The D-cannon is the final option, and costs almost twice as much as the other weapons. It is a barrage blast with a 24” range, which is pretty meager. However, that blast S10 AP2 with the Distort rule. D-cannons will kill anything that they hit; they are essentially a Vindicator that doesn’t need line of sight. D-cannons are most useful as a defensive weapon, creating a no-go zone around them where any enemy will be violently punished. If you need to dissuade the enemy from approaching your other squads (such as Guardians holding objectives or Dark Reapers blazing away with missiles), then the D-cannon is the weapon for you.

War Walker Squadron

War Walkers may be the most straightforward unit in the Eldar codex. They’re a walker with AV10 all around, a 5+ invulnerable save, Battle Focus, Fleet, and Scouts. They sound pretty fragile, and they are. However, they can mount any two of the standard Eldar heavy weapons, and they don’t count as twin-linked if they have two of the same weapon. War Walkers come with two shuriken cannons, but all of the other weapon upgrades (except the ever overpriced Eldar missile launcher) are a measly 5 points. If you decide to go with the missile launcher, War Walkers can take flakk missile for even more points. They’re the only entry in the codex that can take multiple flakk missiles, but the price is very high.

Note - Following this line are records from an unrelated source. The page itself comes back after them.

lemma distr_pair_eq_cond_density_mixture_self:
  assumes prob: "prob_space M" and sf: "sigma_finite_measure mu"
    and A: "A \<in> measurable M mu" and V: "V \<in> measurable M MV"
    and dens: "cond_density M mu A V MV f"
  shows "distr M (MV \<Otimes>\<^sub>M mu) (\<lambda>\<omega>. (V \<omega>, A \<omega>)) = cond_density_mixture M mu MV V V f"
proof (rule distr_pair_eq_cond_density_mixture[OF prob sf A V V dens])
  interpret prob_space M by fact
  interpret sigma_finite_subalgebra M "sigma_gen M V MV"
    using sigma_finite_subalgebra_sigma_gen prob V by blast
  fix B C assume B: "B \<in> sets mu" and C: "C \<in> sets MV"
  have iB: "(\<lambda>\<omega>. indicator B (A \<omega>) :: real) \<in> borel_measurable M" using A B by measurable
  have iC: "(\<lambda>\<omega>. indicator C (V \<omega>) :: real) \<in> borel_measurable (sigma_gen M V MV)"
    by (rule measurable_sigma_gen_comp[OF V]) (use C in measurable)
  have iC': "(\<lambda>\<omega>. indicator C (V \<omega>) :: real) \<in> borel_measurable M" using V C by measurable
  have "integrable M (\<lambda>\<omega>. indicator C (V \<omega>) * indicator B (A \<omega>) :: real)"
    by (rule integrable_mult_bounded_by_one[OF integrable_bounded_by_one[OF iB] iC'])
      (auto simp: indicator_def)
  from real_cond_exp_intg(2)[OF this iC iB]
  show "(\<integral>\<omega>. indicator C (V \<omega>) * indicator B (A \<omega>) \<partial>M) =
      (\<integral>\<omega>. indicator C (V \<omega>) * real_cond_exp M (sigma_gen M V MV) (\<lambda>\<omega>. indicator B (A \<omega>)) \<omega> \<partial>M)"
    by simp
qed

lemma integral_cond_density:
  fixes G :: "'v \<Rightarrow> 'a \<Rightarrow> real"
  assumes prob: "prob_space M" and sf: "sigma_finite_measure mu"
    and A: "A \<in> measurable M mu" and V: "V \<in> measurable M MV"
    and dens: "cond_density M mu A V MV f"
    and G: "(\<lambda>(v, a). G v a) \<in> borel_measurable (MV \<Otimes>\<^sub>M mu)"
    and integrable_G: "integrable M (\<lambda>\<omega>. G (V \<omega>) (A \<omega>))"
  shows "integrable M (\<lambda>\<omega>. \<integral>a. f a (V \<omega>) * G (V \<omega>) a \<partial>mu)"
    and "(\<integral>\<omega>. G (V \<omega>) (A \<omega>) \<partial>M) = (\<integral>\<omega>. \<integral>a. f a (V \<omega>) * G (V \<omega>) a \<partial>mu \<partial>M)"
proof -
  interpret prob_space M by fact
  interpret mu: sigma_finite_measure mu by fact
  interpret pair_sigma_finite M mu ..
  define k where "k = (\<lambda>(\<omega>, a). f a (V \<omega>))"
  define T where "T = (\<lambda>(\<omega>, a::'a). (V \<omega>, a))"
  have VA: "(\<lambda>\<omega>. (V \<omega>, A \<omega>)) \<in> measurable M (MV \<Otimes>\<^sub>M mu)" using V A by measurable
  have T: "T \<in> measurable (M \<Otimes>\<^sub>M mu) (MV \<Otimes>\<^sub>M mu)" unfolding T_def using V by measurable
  have k: "k \<in> borel_measurable (M \<Otimes>\<^sub>M mu)"
    unfolding k_def by (rule cond_density_measurable[OF dens V])
  have k_nonneg: "AE x in M \<Otimes>\<^sub>M mu. 0 \<le> k x"
    using dens measurable_space[OF V] unfolding cond_density_def k_def
    by (intro AE_I2) (auto simp: space_pair_measure)
  have GT: "(\<lambda>x. (\<lambda>(v, a). G v a) (T x)) \<in> borel_measurable (M \<Otimes>\<^sub>M mu)"
    using measurable_compose[OF T G] by (simp add: o_def)
  have law: "distr M (MV \<Otimes>\<^sub>M mu) (\<lambda>\<omega>. (V \<omega>, A \<omega>)) = distr (density (M \<Otimes>\<^sub>M mu) k) (MV \<Otimes>\<^sub>M mu) T"
    using distr_pair_eq_cond_density_mixture_self[OF prob sf A V dens]
    unfolding cond_density_mixture_def k_def T_def by (simp add: split_beta')
  have T': "T \<in> measurable (density (M \<Otimes>\<^sub>M mu) k) (MV \<Otimes>\<^sub>M mu)" using T by simp
  have integrable_eq: "integrable M (\<lambda>\<omega>. G (V \<omega>) (A \<omega>)) \<longleftrightarrow>
      integrable (M \<Otimes>\<^sub>M mu) (\<lambda>x. k x * (\<lambda>(v, a). G v a) (T x))"
    using integrable_distr_eq[OF VA G] law integrable_distr_eq[OF T' G]
      integrable_density[OF GT k k_nonneg] by simp
  have integral_eq: "(\<integral>\<omega>. G (V \<omega>) (A \<omega>) \<partial>M) = (\<integral>x. k x * (\<lambda>(v, a). G v a) (T x) \<partial>(M \<Otimes>\<^sub>M mu))"
    using integral_distr[OF VA G] law integral_distr[OF T' G]
      integral_density[OF GT k k_nonneg] by simp
  have product: "integrable (M \<Otimes>\<^sub>M mu) (\<lambda>(\<omega>, a). f a (V \<omega>) * G (V \<omega>) a)"
    using integrable_G integrable_eq unfolding k_def T_def by (simp add: split_beta')
  show "integrable M (\<lambda>\<omega>. \<integral>a. f a (V \<omega>) * G (V \<omega>) a \<partial>mu)"
    using integrable_fst'[OF product] by simp
  show "(\<integral>\<omega>. G (V \<omega>) (A \<omega>) \<partial>M) = (\<integral>\<omega>. \<integral>a. f a (V \<omega>) * G (V \<omega>) a \<partial>mu \<partial>M)"
    using integral_eq integral_fst'[OF product] unfolding k_def T_def by (simp add: split_beta')
qed

lemma AE_cond_density_nonzero_transfer:
  fixes P :: "'v \<Rightarrow> 'a \<Rightarrow> bool"
  assumes prob: "prob_space M" and sf: "sigma_finite_measure mu"
    and A: "A \<in> measurable M mu" and U: "U \<in> measurable M MU" and V: "V \<in> measurable M MV"
    and dens_U: "cond_density M mu A U MU fU" and dens_V: "cond_density M mu A V MV fV"
    and law_U: "distr M (MV \<Otimes>\<^sub>M mu) (\<lambda>\<omega>. (V \<omega>, A \<omega>)) = cond_density_mixture M mu MV V U fU"
    and P: "{x \<in> space (MV \<Otimes>\<^sub>M mu). P (fst x) (snd x)} \<in> sets (MV \<Otimes>\<^sub>M mu)"
    and positive: "\<forall>\<omega>\<in>space M. \<forall>a\<in>space mu. P (V \<omega>) a \<longrightarrow> fU a (U \<omega>) \<noteq> 0"
  shows "AE \<omega> in M. AE a in mu. P (V \<omega>) a \<longrightarrow> fV a (V \<omega>) \<noteq> 0"
proof -
  interpret prob_space M by fact
  interpret mu: sigma_finite_measure mu by fact
  define N where "N = {x \<in> space (MV \<Otimes>\<^sub>M mu). P (fst x) (snd x) \<and> fV (snd x) (fst x) = 0}"
  have fV: "(\<lambda>x. fV (snd x) (fst x)) \<in> borel_measurable (MV \<Otimes>\<^sub>M mu)"
  proof -
    have "(\<lambda>(a, v). fV a v) \<in> borel_measurable (mu \<Otimes>\<^sub>M MV)"
      using dens_V unfolding cond_density_def by auto
    from measurable_compose[OF measurable_pair_swap' this] show ?thesis by (simp add: split_beta)
  qed
  have N: "N \<in> sets (MV \<Otimes>\<^sub>M mu)"
  proof -
    have "{x \<in> space (MV \<Otimes>\<^sub>M mu). fV (snd x) (fst x) = 0} \<in> sets (MV \<Otimes>\<^sub>M mu)"
      using fV by measurable
    moreover have "N = {x \<in> space (MV \<Otimes>\<^sub>M mu). P (fst x) (snd x)}
        \<inter> {x \<in> space (MV \<Otimes>\<^sub>M mu). fV (snd x) (fst x) = 0}"
      unfolding N_def by blast
    ultimately show ?thesis using P by simp
  qed
  have "emeasure (distr M (MV \<Otimes>\<^sub>M mu) (\<lambda>\<omega>. (V \<omega>, A \<omega>))) N
      = (\<integral>\<^sup>+ \<omega>. \<integral>\<^sup>+ a. ennreal (fV a (V \<omega>)) * indicator N (V \<omega>, a) \<partial>mu \<partial>M)"
    unfolding distr_pair_eq_cond_density_mixture_self[OF prob sf A V dens_V]
    by (rule emeasure_cond_density_mixture[OF sf V V dens_V N])
  also have "\<dots> = (\<integral>\<^sup>+ \<omega>. \<integral>\<^sup>+ a. 0 \<partial>mu \<partial>M)"
    by (intro nn_integral_cong) (auto simp: N_def indicator_def)
  finally have "(\<integral>\<^sup>+ \<omega>. \<integral>\<^sup>+ a. ennreal (fU a (U \<omega>)) * indicator N (V \<omega>, a) \<partial>mu \<partial>M) = 0"
    unfolding law_U emeasure_cond_density_mixture[OF sf U V dens_U N] by simp
  moreover have integrand: "(\<lambda>(\<omega>, a). ennreal (fU a (U \<omega>)) * indicator N (V \<omega>, a)) \<in> borel_measurable (M \<Otimes>\<^sub>M mu)"
    using cond_density_measurable[OF dens_U U] V N by measurable
  ultimately have "AE \<omega> in M. (\<integral>\<^sup>+ a. ennreal (fU a (U \<omega>)) * indicator N (V \<omega>, a) \<partial>mu) = 0"
    by (subst (asm) nn_integral_0_iff_AE) (use mu.borel_measurable_nn_integral[OF integrand] in simp_all)
  then show ?thesis
    using AE_space
  proof eventually_elim
    case (elim \<omega>)
    have "(\<lambda>a. ennreal (fU a (U \<omega>)) * indicator N (V \<omega>, a)) \<in> borel_measurable mu"
      using measurable_Pair2[OF integrand elim(2)] by simp
    with elim(1) have "AE a in mu. ennreal (fU a (U \<omega>)) * indicator N (V \<omega>, a) = 0"
      by (simp add: nn_integral_0_iff_AE)
    then show ?case
    proof (rule AE_mp[OF _ AE_I2[OF impI]])
      fix a assume a: "a \<in> space mu" and zero: "ennreal (fU a (U \<omega>)) * indicator N (V \<omega>, a) = 0"
      show "P (V \<omega>) a \<longrightarrow> fV a (V \<omega>) \<noteq> 0"
      proof (intro impI notI)
        assume "P (V \<omega>) a" "fV a (V \<omega>) = 0"
        then have "(V \<omega>, a) \<in> N"
          using a measurable_space[OF V elim(2)] by (simp add: N_def space_pair_measure)
        with zero have "fU a (U \<omega>) \<le> 0" by (simp add: ennreal_eq_0_iff)
        moreover have "0 \<le> fU a (U \<omega>)"
          using dens_U a measurable_space[OF U elim(2)] unfolding cond_density_def by auto
        ultimately show False using positive elim(2) a \<open>P (V \<omega>) a\<close> by auto
      qed
    qed
  qed
qed

section \<open>Positivity of the observed action density and the operator T\<close>

lemma integral_mult_cond_indep:
  fixes S :: "'o \<Rightarrow> 's" and T :: "'o \<Rightarrow> 't" and G :: "'o \<Rightarrow> 'g"
  assumes prob: "prob_space M"
    and S: "S \<in> measurable M NS" and T: "T \<in> measurable M NT" and G: "G \<in> measurable M NG"
    and indep: "cond_indep M S NS T NT G NG"
    and B: "B \<in> sets NS" and C: "C \<in> sets NT"
    and g: "g \<in> borel_measurable NG" "\<And>y. \<bar>g y\<bar> \<le> 1"
  shows "(\<integral>\<omega>. g (G \<omega>) * indicator B (S \<omega>) * indicator C (T \<omega>) \<partial>M)
       = (\<integral>\<omega>. g (G \<omega>) * real_cond_exp M (sigma_gen M G NG) (\<lambda>\<omega>. indicator B (S \<omega>)) \<omega>
                * indicator C (T \<omega>) \<partial>M)"
proof -
  interpret prob_space M by fact
  define F where "F = sigma_gen M G NG"
  interpret sigma_finite_subalgebra M F
    unfolding F_def using sigma_finite_subalgebra_sigma_gen prob G by blast
  define iB where "iB \<omega> = (indicator B (S \<omega>) :: real)" for \<omega>
  define iC where "iC \<omega> = (indicator C (T \<omega>) :: real)" for \<omega>
  define ce where "ce = real_cond_exp M F iB"
  have "iB \<in> borel_measurable M" unfolding iB_def using S B by measurable
  moreover have "\<bar>iB \<omega>\<bar> \<le> 1" for \<omega> unfolding iB_def by (simp add: indicator_def)
  ultimately have iB: "iB \<in> borel_measurable M" "\<And>\<omega>. \<bar>iB \<omega>\<bar> \<le> 1" by blast+
  have "iC \<in> borel_measurable M" unfolding iC_def using T C by measurable
  moreover have "\<bar>iC \<omega>\<bar> \<le> 1" for \<omega> unfolding iC_def by (simp add: indicator_def)
  ultimately have iC: "iC \<in> borel_measurable M" "\<And>\<omega>. \<bar>iC \<omega>\<bar> \<le> 1" by blast+
  have gG: "(\<lambda>\<omega>. g (G \<omega>)) \<in> borel_measurable F" "(\<lambda>\<omega>. g (G \<omega>)) \<in> borel_measurable M"
    unfolding F_def using measurable_sigma_gen_comp[OF G g(1)] measurable_compose[OF G g(1)] by auto
  have ce: "integrable M ce" "ce \<in> borel_measurable F"
    unfolding ce_def using integrable_bounded_by_one[OF iB] by auto
  have factor: "AE \<omega> in M. real_cond_exp M F (\<lambda>\<omega>. iB \<omega> * iC \<omega>) \<omega> = ce \<omega> * real_cond_exp M F iC \<omega>"
    using indep B C unfolding cond_indep_def F_def[symmetric] ce_def iB_def iC_def by blast
  have gce: "integrable M (\<lambda>\<omega>. g (G \<omega>) * ce \<omega>)"
    by (rule integrable_mult_bounded_by_one[OF ce(1) gG(2) g(2)])
  have "(\<integral>\<omega>. g (G \<omega>) * (iB \<omega> * iC \<omega>) \<partial>M)
      = (\<integral>\<omega>. g (G \<omega>) * real_cond_exp M F (\<lambda>\<omega>. iB \<omega> * iC \<omega>) \<omega> \<partial>M)"
    using iB iC gG g(2) by (intro real_cond_exp_intg(2)[symmetric] integrable_bounded_by_one)
      (auto simp: abs_mult intro!: mult_le_one)
  also have "\<dots> = (\<integral>\<omega>. (g (G \<omega>) * ce \<omega>) * real_cond_exp M F iC \<omega> \<partial>M)"
    by (rule integral_cong_AE) (use factor gG ce in \<open>auto simp: ac_simps\<close>)
  also have "\<dots> = (\<integral>\<omega>. (g (G \<omega>) * ce \<omega>) * iC \<omega> \<partial>M)"
    using gce iC gG ce
    by (intro real_cond_exp_intg(2)) (auto simp: mult.commute[of _ "iC _"]
        intro: integrable_mult_bounded_by_one)
  finally show ?thesis
    unfolding iB_def iC_def ce_def F_def by (simp add: ac_simps)
qed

War Walkers are cheap and mobile fire platforms, and are quite popular. Dual scatter lasers will pump out an extraordinary number of S6 shots for its cost, while bright lances make for great vehicle hunters. Even the basic shuriken cannons are quite useful for the points, though their range is limited. Battle Focus allows the War Walkers to take excellent advantage of cover while maintaining fire, and they can use Scout or Outflank to reach the best firing positions.

I really don’t have anything bad to say about War Walkers. They will fill pretty much any firepower need in your army. Of course, they are fragile and will die to concentrated bolter fire, but you should be able to use their range and mobility to keep them out of danger.